# A tourist travels miles using two planes. the second plane averages miles per hour faster than the first plane. the tourist uses the slower plane for the first miles and the faster plane for the next miles. the total flying time is hours. what is the speed of the first plane?

Question: A tourist travels miles using two planes. the second plane averages miles per hour faster than the first plane. the tourist uses the slower plane for the first miles and the faster plane for the next miles. the total flying time is hours. what is the speed of the first plane?

If you enjoy solving word problems, you might be interested in this one: a tourist travels miles using two planes.

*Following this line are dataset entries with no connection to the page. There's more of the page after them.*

lemma lambda1_sum_outer_subset_mono:
  fixes c :: "'i \<Rightarrow> real" and y :: "'i \<Rightarrow> real^'n"
  assumes "finite S" and "T \<subseteq> S" and "\<And>i. i \<in> S - T \<Longrightarrow> c i \<ge> 0"
  shows "lambda1 (\<Sum>i\<in>T. c i *\<^sub>R outer (y i)) \<le> lambda1 (\<Sum>i\<in>S. c i *\<^sub>R outer (y i))"
proof -
  obtain x where x: "norm x = 1"
    "quad_form (\<Sum>i\<in>T. c i *\<^sub>R outer (y i)) x = lambda1 (\<Sum>i\<in>T. c i *\<^sub>R outer (y i))"
    using lambda1_attained[OF transpose_sum_outer] by blast
  have "finite T"
    using assms(1,2) by (rule finite_subset[rotated])
  have "lambda1 (\<Sum>i\<in>T. c i *\<^sub>R outer (y i)) = (\<Sum>i\<in>T. c i * (y i \<bullet> x)\<^sup>2)"
    unfolding x(2)[symmetric] using \<open>finite T\<close> by (rule quad_form_sum_outer)
  also have "\<dots> \<le> (\<Sum>i\<in>S. c i * (y i \<bullet> x)\<^sup>2)"
    using assms by (intro sum_mono2) auto
  also have "\<dots> = quad_form (\<Sum>i\<in>S. c i *\<^sub>R outer (y i)) x"
    using assms(1) by (rule quad_form_sum_outer[symmetric])
  also have "\<dots> \<le> lambda1 (\<Sum>i\<in>S. c i *\<^sub>R outer (y i))"
    using transpose_sum_outer x(1) by (rule quad_form_le_lambda1)
  finally show ?thesis .
qed

lemma lambda1_sum_outer_drop_small_terms:
  fixes c :: "'i \<Rightarrow> real" and y :: "'i \<Rightarrow> real^'n"
  assumes "finite S" and "T \<subseteq> S" and "\<And>i. i \<in> S - T \<Longrightarrow> 0 \<le> c i \<and> c i \<le> \<tau>"
  shows "lambda1 (\<Sum>i\<in>S. c i *\<^sub>R outer (y i))
    \<le> lambda1 (\<Sum>i\<in>T. c i *\<^sub>R outer (y i)) + \<tau> * (\<Sum>i\<in>S - T. (norm (y i))\<^sup>2)"
proof -
  obtain x where x: "norm x = 1"
    "quad_form (\<Sum>i\<in>S. c i *\<^sub>R outer (y i)) x = lambda1 (\<Sum>i\<in>S. c i *\<^sub>R outer (y i))"
    using lambda1_attained[OF transpose_sum_outer] by blast
  have "finite T"
    using assms(1,2) by (rule finite_subset[rotated])
  have dropped: "c i * (y i \<bullet> x)\<^sup>2 \<le> \<tau> * (norm (y i))\<^sup>2" if "i \<in> S - T" for i
  proof -
    have "(y i \<bullet> x)\<^sup>2 \<le> (norm (y i))\<^sup>2"
      using Cauchy_Schwarz_ineq2[of "y i" x] x(1)
      by (metis abs_le_square_iff abs_norm_cancel mult_1_right)
    then show ?thesis
      using assms(3)[OF that] by (intro mult_mono) auto
  qed
  have "lambda1 (\<Sum>i\<in>S. c i *\<^sub>R outer (y i)) = (\<Sum>i\<in>S. c i * (y i \<bullet> x)\<^sup>2)"
    unfolding x(2)[symmetric] using assms(1) by (rule quad_form_sum_outer)
  also have "\<dots> = (\<Sum>i\<in>T. c i * (y i \<bullet> x)\<^sup>2) + (\<Sum>i\<in>S - T. c i * (y i \<bullet> x)\<^sup>2)"
    using assms(1,2) by (simp add: sum.subset_diff)
  also have "\<dots> \<le> quad_form (\<Sum>i\<in>T. c i *\<^sub>R outer (y i)) x + \<tau> * (\<Sum>i\<in>S - T. (norm (y i))\<^sup>2)"
    using dropped \<open>finite T\<close>
    by (simp add: quad_form_sum_outer sum_distrib_left sum_mono del: Diff_iff)
  also have "\<dots> \<le> lambda1 (\<Sum>i\<in>T. c i *\<^sub>R outer (y i)) + \<tau> * (\<Sum>i\<in>S - T. (norm (y i))\<^sup>2)"
    using quad_form_le_lambda1[OF transpose_sum_outer x(1)] by simp
  finally show ?thesis .
qed

lemma frob_norm_sq: "(frob_norm N y)\<^sup>2 = (\<Sum>i=1..N. (norm (y i))\<^sup>2)"
  by (simp add: frob_norm_def norm_vec_def L2_set_def sum_nonneg)

theorem lemma1:
  fixes N K :: nat and y :: "nat \<Rightarrow> real ^ 'd" and \<rho> :: "nat \<Rightarrow> nat \<Rightarrow> real"
    and \<delta> :: real and k :: nat
  assumes "N \<ge> 1" and "K \<ge> 1"
    and Ynz: "\<exists>i\<in>{1..N}. y i \<noteq> 0"
    and nonneg: "\<And>i k. i \<in> {1..N} \<Longrightarrow> k \<in> {1..K} \<Longrightarrow> \<rho> k i \<ge> 0"
    and sum1: "\<And>i. i \<in> {1..N} \<Longrightarrow> (\<Sum>k=1..K. \<rho> k i) = 1"
    and "\<delta> > 0" and "k \<in> {1..K}"
  shows "let \<tau> = \<delta> / (frob_norm N y)\<^sup>2;
             A = (\<Sum>i=1..N. \<rho> k i *\<^sub>R outer (y i));
             At = (\<Sum>i\<in>{i\<in>{1..N}. \<rho> k i \<ge> \<tau>}. \<rho> k i *\<^sub>R outer (y i))
         in \<bar>lambda1 A - lambda1 At\<bar> \<le> \<delta>"
proof -
  define \<tau> where "\<tau> = \<delta> / (frob_norm N y)\<^sup>2"
  define T where "T = {i\<in>{1..N}. \<rho> k i \<ge> \<tau>}"
  have "T \<subseteq> {1..N}" and dropped: "\<And>i. i \<in> {1..N} - T \<Longrightarrow> 0 \<le> \<rho> k i \<and> \<rho> k i \<le> \<tau>"
    using nonneg \<open>k \<in> {1..K}\<close> by (auto simp: T_def)
  have "(frob_norm N y)\<^sup>2 > 0"
    unfolding frob_norm_sq using Ynz by (auto intro: sum_pos2)
  then have "\<tau> * (\<Sum>i\<in>{1..N} - T. (norm (y i))\<^sup>2) \<le> \<tau> * (\<Sum>i=1..N. (norm (y i))\<^sup>2)"
    using \<open>\<delta> > 0\<close> by (intro mult_left_mono sum_mono2) (auto simp: \<tau>_def)
  also have "\<dots> = \<delta>"
    using \<open>(frob_norm N y)\<^sup>2 > 0\<close> by (simp add: \<tau>_def frob_norm_sq)
  finally have tail: "\<tau> * (\<Sum>i\<in>{1..N} - T. (norm (y i))\<^sup>2) \<le> \<delta>" .
  have "lambda1 (\<Sum>i\<in>T. \<rho> k i *\<^sub>R outer (y i)) \<le> lambda1 (\<Sum>i=1..N. \<rho> k i *\<^sub>R outer (y i))"
    using \<open>T \<subseteq> {1..N}\<close> dropped by (intro lambda1_sum_outer_subset_mono) auto
  moreover have "lambda1 (\<Sum>i=1..N. \<rho> k i *\<^sub>R outer (y i))
      \<le> lambda1 (\<Sum>i\<in>T. \<rho> k i *\<^sub>R outer (y i)) + \<tau> * (\<Sum>i\<in>{1..N} - T. (norm (y i))\<^sup>2)"
    using \<open>T \<subseteq> {1..N}\<close> dropped by (intro lambda1_sum_outer_drop_small_terms) auto
  ultimately show ?thesis
    using tail unfolding Let_def \<tau>_def[symmetric] T_def[symmetric] by linarith
qed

The second plane averages miles per hour faster than the first plane. The tourist uses the slower plane for the first miles and the faster plane for the next miles. The total flying time is hours. What is the speed of the first plane?

This problem can be solved by setting up a system of equations and using algebra to find the unknown speed. Let x be the speed of the first plane and y be the speed of the second plane. Then we have:

y = x + m (the second plane is m miles per hour faster than the first plane)

t = d/x + d/y (the total flying time is t hours, where d is the distance traveled by each plane)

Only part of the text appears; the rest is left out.